Именно тогда у Альбина Кесселя выработалось стойкое отвращение к французской кухне – и накопился материал для той передачи «Порция лапши», которая вызвала у слушателей бурю гнева. Мясо (так или примерно так писал Кессель) у французов всегда полусырое, а гарнир пережарен. Похоже, что главная цель французских поваров – обезобразить все продукты до такой степени, чтобы вкус блюда как можно меньше соответствовал его внешнему виду, а их идеал – картофельное пюре, которое выглядит как форель, а по вкусу напоминает яблочное желе. Однако на это их, как правило, не хватает, и они просто кладут в блюдо все, что сегодня есть на кухне: это у них называется «закруглить вкус», хотя вкуса там на самом деле нет уже почти никакого, а если что-то и чувствуется, так только чеснок. Одно общее правило, впрочем, можно вывести: если на вкус в блюде не чувствуется совсем ничего кроме чеснока, значит, вам. скорее всего, подали улитки.

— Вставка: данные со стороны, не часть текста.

lemma eventually_same_grid_interval:
  fixes a d :: real
  assumes "d > 0"
  shows "\<forall>\<^sub>F b in nhds a. \<exists>k::int. d * of_int k \<le> a \<and> a \<le> d * of_int (k + 1)
                                 \<and> d * of_int k \<le> b \<and> b \<le> d * of_int (k + 1)"
proof -
  define f where "f = \<lfloor>a / d\<rfloor>"
  define c where "c = \<lceil>a / d\<rceil>"
  have f: "d * of_int f \<le> a" "a < d * of_int (f + 1)"
    and c: "a \<le> d * of_int c" "d * of_int (c - 1) < a"
    using floor_divide_lower[OF assms, of a] floor_divide_upper[OF assms, of a]
      ceiling_divide_upper[OF assms, of a] ceiling_divide_lower[OF assms, of a]
    unfolding f_def c_def by (simp_all add: algebra_simps)
  have "\<forall>\<^sub>F b in nhds a. b \<in> {d * of_int (c - 1)<..<d * of_int (f + 1)}"
    using f c by (intro eventually_nhds_in_open) auto
  then show ?thesis
  proof (rule eventually_mono)
    fix b assume b: "b \<in> {d * of_int (c - 1)<..<d * of_int (f + 1)}"
    show "\<exists>k::int. d * of_int k \<le> a \<and> a \<le> d * of_int (k + 1) \<and> d * of_int k \<le> b \<and> b \<le> d * of_int (k + 1)"
    proof (cases "a \<le> b")
      case True
      then show ?thesis using f b by (intro exI[of _ f]) auto
    next
      case False
      then show ?thesis using c b by (intro exI[of _ "c - 1"]) auto
    qed
  qed
qed

lemma eventually_same_pixel:
  assumes "d > 0"
  shows "\<forall>\<^sub>F z in nhds x. \<exists>k l. x \<in> pixel d k l \<and> z \<in> pixel d k l"
proof -
  have "\<forall>\<^sub>F z in nhds x. (\<exists>k::int. d * of_int k \<le> fst x \<and> fst x \<le> d * of_int (k + 1)
                                 \<and> d * of_int k \<le> fst z \<and> fst z \<le> d * of_int (k + 1))
                     \<and> (\<exists>l::int. d * of_int l \<le> snd x \<and> snd x \<le> d * of_int (l + 1)
                                 \<and> d * of_int l \<le> snd z \<and> snd z \<le> d * of_int (l + 1))"
    using eventually_compose_filterlim[OF eventually_same_grid_interval[OF assms] tendsto_fst[OF filterlim_ident]]
      eventually_compose_filterlim[OF eventually_same_grid_interval[OF assms] tendsto_snd[OF filterlim_ident]]
    by (rule eventually_conj)
  then show ?thesis
    by (rule eventually_mono) (auto simp: mem_pixel)
qed

lemma grid_corner_in_common_pixels:
  assumes "d > 0" and "x \<in> pixel d k l" and "x \<in> pixel d k' l'"
  shows "(d * of_int (max k k'), d * of_int (max l l')) \<in> pixel d k l \<inter> pixel d k' l'"
proof -
  have "d * of_int (max i j) = max (d * of_int i) (d * of_int j)" for i j :: int
    using assms(1) by (cases "i \<le> j") (auto simp: max_def)
  then show ?thesis
    using assms unfolding Int_iff mem_pixel fst_conv snd_conv by (auto simp: algebra_simps)
qed
lemma has_derivative_sgn_line:
  fixes J d :: "real^'n::finite"
  assumes "J \<noteq> 0"
  shows "((\<lambda>s::real. sgn (J + s *\<^sub>R d)) has_derivative
           (\<lambda>h. h *\<^sub>R (projP (sgn J) *v d /\<^sub>R norm J))) (at 0)"
proof -
  have line: "((\<lambda>s::real. J + s *\<^sub>R d) has_derivative (\<lambda>h. h *\<^sub>R d)) (at 0)"
    by (auto intro!: derivative_eq_intros)
  have "(norm has_derivative (\<lambda>h. h \<bullet> sgn J)) (at ((\<lambda>s::real. J + s *\<^sub>R d) 0))"
    using has_derivative_norm[OF assms] by simp
  from has_derivative_compose[OF line this]
  have "((\<lambda>s::real. norm (J + s *\<^sub>R d)) has_derivative (\<lambda>h. sgn J \<bullet> (h *\<^sub>R d))) (at 0)"
    by (simp add: inner_commute)
  from has_derivative_scaleR[OF Deriv.has_derivative_inverse[OF _ this] line]
  have "((\<lambda>s::real. inverse (norm (J + s *\<^sub>R d)) *\<^sub>R (J + s *\<^sub>R d)) has_derivative
          (\<lambda>h. h *\<^sub>R ((1 / norm J) *\<^sub>R d - ((sgn J \<bullet> d) / (norm J)\<^sup>2) *\<^sub>R J))) (at 0)"
    using assms by (simp add: algebra_simps field_simps power2_eq_square)
  moreover have "(1 / norm J) *\<^sub>R d - ((sgn J \<bullet> d) / (norm J)\<^sup>2) *\<^sub>R J = projP (sgn J) *v d /\<^sub>R norm J"
    using assms by (simp add: projP_mult sgn_div_norm algebra_simps power2_eq_square divide_inverse)
  ultimately show ?thesis by (simp add: sgn_div_norm divide_inverse_commute)
qed
lemma relation_conj_mult_perm:
  assumes n: "n \<ge> 2" and a: "coprime a (n-1)"
    and tau: "tau permutes {1..n}" "tau \<circ> tau = id" "tau n = n - 1"
    and j: "j \<in> {1..n-2}"
    and rel: "tau \<circ> (sigma_n n ^^ j) \<circ> tau
      = (sigma_n n ^^ tau j) \<circ> tau \<circ> (sigma_n n ^^ tau (rho_n n (tau j)))"
  defines "tau' \<equiv> mult_perm n a \<circ> tau \<circ> inv (mult_perm n a)"
  shows "tau' \<circ> (sigma_n n ^^ mult_perm n a j) \<circ> tau'
    = (sigma_n n ^^ tau' (mult_perm n a j)) \<circ> tau'
        \<circ> (sigma_n n ^^ tau' (rho_n n (tau' (mult_perm n a j))))"
proof -
  let ?S = "sigma_n n" and ?M = "mult_perm n a"
  have M: "?M permutes {1..n}"
    using a by (rule mult_perm_permutes)
  have tau_tau: "tau (tau x) = x" for x
    using tau(2) by (simp add: fun_eq_iff)
  have tau_in: "tau x \<in> {1..n}" if "x \<in> {1..n}" for x
    using permutes_in_image[OF tau(1)] that by blast
  have below_n: "x < n" if "x \<in> {1..n}" "tau x \<noteq> n - 1" for x
    using that tau(3) by (cases "x = n") auto
  define q where "q = tau (rho_n n (tau j))"
  have j_in: "j \<in> {1..n}" and "j < n"
    using j by auto
  have "tau j < n"
    using j tau_in[OF j_in] tau_tau[of j] by (intro below_n) auto
  then have "rho_n n (tau j) \<in> {1..n}" "rho_n n (tau j) \<noteq> n - 1"
    using tau_in[OF j_in] by (auto simp: rho_n_def)
  then have "q < n"
    unfolding q_def using tau_in tau_tau by (intro below_n) auto
  have tau'_Mj: "tau' (?M j) = ?M (tau j)"
    by (simp add: tau'_def permutes_inverses[OF M])
  have tau'_rho: "tau' (rho_n n (?M (tau j))) = ?M q"
    by (simp add: q_def tau'_def permutes_inverses[OF M] mult_perm_rho_n[OF n a, symmetric])
  have M_S: "?M ((?S ^^ m) x) = (?S ^^ (a * m)) (?M x)" for m x
    by (rule mult_perm_funpow_sigma_n[OF n])
  have Minv_S: "inv ?M ((?S ^^ (a * m)) x) = (?S ^^ m) (inv ?M x)" for m x
    by (metis M_S permutes_inverses[OF M])
  have rel_at: "tau ((?S ^^ j) (tau x)) = (?S ^^ tau j) (tau ((?S ^^ q) x))" for x
    using fun_cong[OF rel, of x] by (simp add: q_def)
  show ?thesis
  proof
    fix x
    have "(tau' \<circ> (?S ^^ ?M j) \<circ> tau') x
        = ?M (tau (inv ?M ((?S ^^ (a * j)) (?M (tau (inv ?M x))))))"
      by (simp add: tau'_def funpow_sigma_n_mult_perm[OF n \<open>j < n\<close>])
    also have "\<dots> = ?M (tau ((?S ^^ j) (tau (inv ?M x))))"
      by (simp add: Minv_S permutes_inverses[OF M])
    also have "\<dots> = ?M ((?S ^^ tau j) (tau ((?S ^^ q) (inv ?M x))))"
      by (simp add: rel_at)
    also have "\<dots> = (?S ^^ (a * tau j)) (?M (tau (inv ?M ((?S ^^ (a * q)) x))))"
      by (simp add: M_S Minv_S)
    also have "\<dots> = (?S ^^ ?M (tau j)) (tau' ((?S ^^ ?M q) x))"
      by (simp add: tau'_def funpow_sigma_n_mult_perm[OF n \<open>tau j < n\<close>]
          funpow_sigma_n_mult_perm[OF n \<open>q < n\<close>])
    also have "\<dots> = ((?S ^^ tau' (?M j)) \<circ> tau' \<circ> (?S ^^ tau' (rho_n n (tau' (?M j))))) x"
      by (simp only: tau'_Mj tau'_rho o_apply)
    finally show "(tau' \<circ> (?S ^^ ?M j) \<circ> tau') x
        = ((?S ^^ tau' (?M j)) \<circ> tau' \<circ> (?S ^^ tau' (rho_n n (tau' (?M j))))) x" .
  qed
qed

theorem proposition10:
  fixes n :: nat and tau :: "nat \<Rightarrow> nat"
  assumes "n \<ge> 2"
    and "tau permutes {1..n}"
    and "tau \<circ> tau = id" and "tau \<noteq> id"
    and "tau n = n - 1"
    and "\<forall>k\<in>{1..n-2}. tau \<circ> (sigma_n n ^^ k) \<circ> tau
           = (sigma_n n ^^ tau k) \<circ> tau \<circ> (sigma_n n ^^ tau (rho_n n (tau k)))"
  shows "\<forall>a\<in>{1..n-1}. coprime a (n - 1) \<longrightarrow>
    (let tau' = mult_perm n a \<circ> tau \<circ> inv (mult_perm n a) in
      tau' permutes {1..n} \<and> tau' \<circ> tau' = id \<and> tau' \<noteq> id \<and> tau' n = n - 1 \<and>
      (\<forall>k\<in>{1..n-2}. tau' \<circ> (sigma_n n ^^ k) \<circ> tau'
           = (sigma_n n ^^ tau' k) \<circ> tau' \<circ> (sigma_n n ^^ tau' (rho_n n (tau' k)))))"
proof (intro ballI impI)
  fix a assume a: "coprime a (n - 1)"
  let ?M = "mult_perm n a"
  define tau' where "tau' = ?M \<circ> tau \<circ> inv ?M"
  have M: "?M permutes {1..n}"
    using a by (rule mult_perm_permutes)
  have "inv ?M n = n"
    using mult_perm_fixes[OF assms(1)] by (simp add: permutes_inv_eq[OF M])
  then have "tau' n = n - 1"
    using assms(5) mult_perm_fixes[OF assms(1)] by (simp add: tau'_def)
  moreover have "\<forall>k\<in>{1..n-2}. tau' \<circ> (sigma_n n ^^ k) \<circ> tau'
      = (sigma_n n ^^ tau' k) \<circ> tau' \<circ> (sigma_n n ^^ tau' (rho_n n (tau' k)))"
  proof
    fix k assume "k \<in> {1..n-2}"
    then obtain j where j: "j \<in> {1..n-2}" and "k = ?M j"
      using mult_perm_image_nonzero[OF assms(1) a] by blast
    then show "tau' \<circ> (sigma_n n ^^ k) \<circ> tau'
      = (sigma_n n ^^ tau' k) \<circ> tau' \<circ> (sigma_n n ^^ tau' (rho_n n (tau' k)))"
      unfolding tau'_def
      using relation_conj_mult_perm[OF assms(1) a assms(2,3,5) j bspec[OF assms(6) j]] by simp
  qed
  ultimately show "let tau' = ?M \<circ> tau \<circ> inv ?M in
      tau' permutes {1..n} \<and> tau' \<circ> tau' = id \<and> tau' \<noteq> id \<and> tau' n = n - 1 \<and>
      (\<forall>k\<in>{1..n-2}. tau' \<circ> (sigma_n n ^^ k) \<circ> tau'
           = (sigma_n n ^^ tau' k) \<circ> tau' \<circ> (sigma_n n ^^ tau' (rho_n n (tau' k))))"
    using permutes_conj_involution[OF M assms(2-4)] by (simp add: tau'_def Let_def)
qed

end
(* Let $M$ be a compact, connected, smooth Riemannian manifold without boundary, and let $X_1, X_2, \dots$ be $M$-valued random variables, each with the same distribution $\mu \in \mathcal{P}(M)$. Let $\mu_N = N^{-1}\sum_{n=1}^N \delta_{X_n}$. If $N^{-2}\sum_{1 \le m<n \le N} \alpha(X_m,X_n) \to 0$ as $N \to \infty$, then $\mathbb{E}\, W_2^2(\mu_N,\mu) \to 0$ as $N \to \infty$.
   Context: $\mathcal{P}(M)$ denotes the set of Borel probability measures on $M$, and $\rho$ the geodesic distance on $M$. The quadratic Wasserstein metric is $W_2(\mu,\nu)=\inf_{\pi}\left(\int_{M\times M}\rho(x,y)^2\,\mathrm{d}\pi(x,y)\right)^{1/2}$, the infimum over all couplings $\pi\in\mathcal{P}(M\times M)$ of $\mu$ and $\nu$ (i.e. with marginals $\mu$ and $\nu$). The $\alpha$-mixing coefficient of two $M$-valued random variables $X,Y$ is $\alpha(X,Y)=\sup_{A,B}|\Pr(X\in A, Y\in B)-\Pr(X\in A)\Pr(Y\in B)|$, the supremum over Borel sets $A,B\subseteq M$. *)

theory Defs
  imports "HOL-Probability.Probability"
begin

definition couplings :: "'a measure \<Rightarrow> 'a measure \<Rightarrow> ('a \<times> 'a) measure set" where
  "couplings \<mu> \<nu> = {\<pi>. sets \<pi> = sets (\<mu> \<Otimes>\<^sub>M \<nu>) \<and>
      distr \<pi> \<mu> fst = \<mu> \<and> distr \<pi> \<nu> snd = \<nu>}"

definition W2 :: "('a::metric_space) measure \<Rightarrow> 'a measure \<Rightarrow> real" where
  "W2 \<mu> \<nu> = sqrt (enn2real (INF \<pi>\<in>couplings \<mu> \<nu>.
       \<integral>\<^sup>+ z. ennreal ((dist (fst z) (snd z))\<^sup>2) \<partial>\<pi>))"

definition empirical :: "nat \<Rightarrow> (nat \<Rightarrow> 'a::topological_space) \<Rightarrow> 'a measure" where
  "empirical N x = distr (uniform_count_measure {1..N}) borel x"

definition alpha_mix :: "'s measure \<Rightarrow> ('s \<Rightarrow> 'a::topological_space) \<Rightarrow> ('s \<Rightarrow> 'a) \<Rightarrow> real" where
  "alpha_mix P X Y = (SUP AB\<in>sets borel \<times> sets borel.
      \<bar>measure P ({\<omega>\<in>space P. X \<omega> \<in> fst AB \<and> Y \<omega> \<in> snd AB})
       - measure P ({\<omega>\<in>space P. X \<omega> \<in> fst AB}) * measure P ({\<omega>\<in>space P. Y \<omega> \<in> snd AB})\<bar>)"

Знаменитое «чудо» французской кухни создают не повара, а официанты, самым бессовестным образом втирающие вам очки: вам приносят овощи, растоптанные в кашу до полной утраты вкусовых качеств и разбавленные водицей, зато потом официант поджигает их с ловкостью опытного иллюзиониста и жестом великого жреца подбрасывает туда пол-ложки позавчерашней сметаны. Все это сплошной обман, утверждал Кессель. По виду само блюдо напоминает гороховый суп с колбасой и вкус у него соответственный. Однако вас при этом самым настоящим образом гипнотизируют: суп приносят не просто так, а в трех крохотных медных супницах изящной работы и перед фламбировкой смешивают у вас на глазах, а если он к тому же называется как-нибудь вроде «Creme St. Hyacinth» и один стоит столько, сколько три обеда, то ясно, что вам остается только онеметь от восхищения. Так что французская кухня, если ее вывести на чистую воду, есть не что иное, как сплошное многовековое надувательство.